• ABOUT THIS EXERCISE: All lines that hold the string "Rightarrow" should be copied. Find them in the listing below.

• DATA FOR REVIEW:
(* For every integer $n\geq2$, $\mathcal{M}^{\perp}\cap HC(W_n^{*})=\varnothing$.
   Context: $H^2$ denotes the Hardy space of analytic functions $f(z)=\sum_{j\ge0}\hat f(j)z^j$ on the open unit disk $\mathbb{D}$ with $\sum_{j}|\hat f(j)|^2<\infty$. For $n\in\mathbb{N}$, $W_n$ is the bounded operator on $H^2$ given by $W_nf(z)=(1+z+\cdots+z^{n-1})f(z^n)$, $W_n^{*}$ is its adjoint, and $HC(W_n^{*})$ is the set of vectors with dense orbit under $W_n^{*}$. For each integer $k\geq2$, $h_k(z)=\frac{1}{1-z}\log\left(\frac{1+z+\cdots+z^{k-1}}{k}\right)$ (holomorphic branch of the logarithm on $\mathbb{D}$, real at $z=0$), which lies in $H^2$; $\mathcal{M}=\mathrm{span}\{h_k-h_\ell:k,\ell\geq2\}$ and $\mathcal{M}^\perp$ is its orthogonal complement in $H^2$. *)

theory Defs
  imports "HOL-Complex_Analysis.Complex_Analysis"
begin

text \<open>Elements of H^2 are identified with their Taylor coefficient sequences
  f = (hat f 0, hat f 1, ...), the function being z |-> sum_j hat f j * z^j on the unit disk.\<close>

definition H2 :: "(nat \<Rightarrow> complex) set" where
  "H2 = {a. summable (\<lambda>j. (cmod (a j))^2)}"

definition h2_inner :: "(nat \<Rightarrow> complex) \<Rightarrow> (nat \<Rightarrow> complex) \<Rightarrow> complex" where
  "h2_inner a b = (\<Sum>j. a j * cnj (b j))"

• ANSWER SECTION:
definition H2 :: "(nat \<Rightarrow> complex) set" where
definition h2_inner :: "(nat \<Rightarrow> complex) \<Rightarrow> (nat \<Rightarrow> complex) \<Rightarrow> complex" where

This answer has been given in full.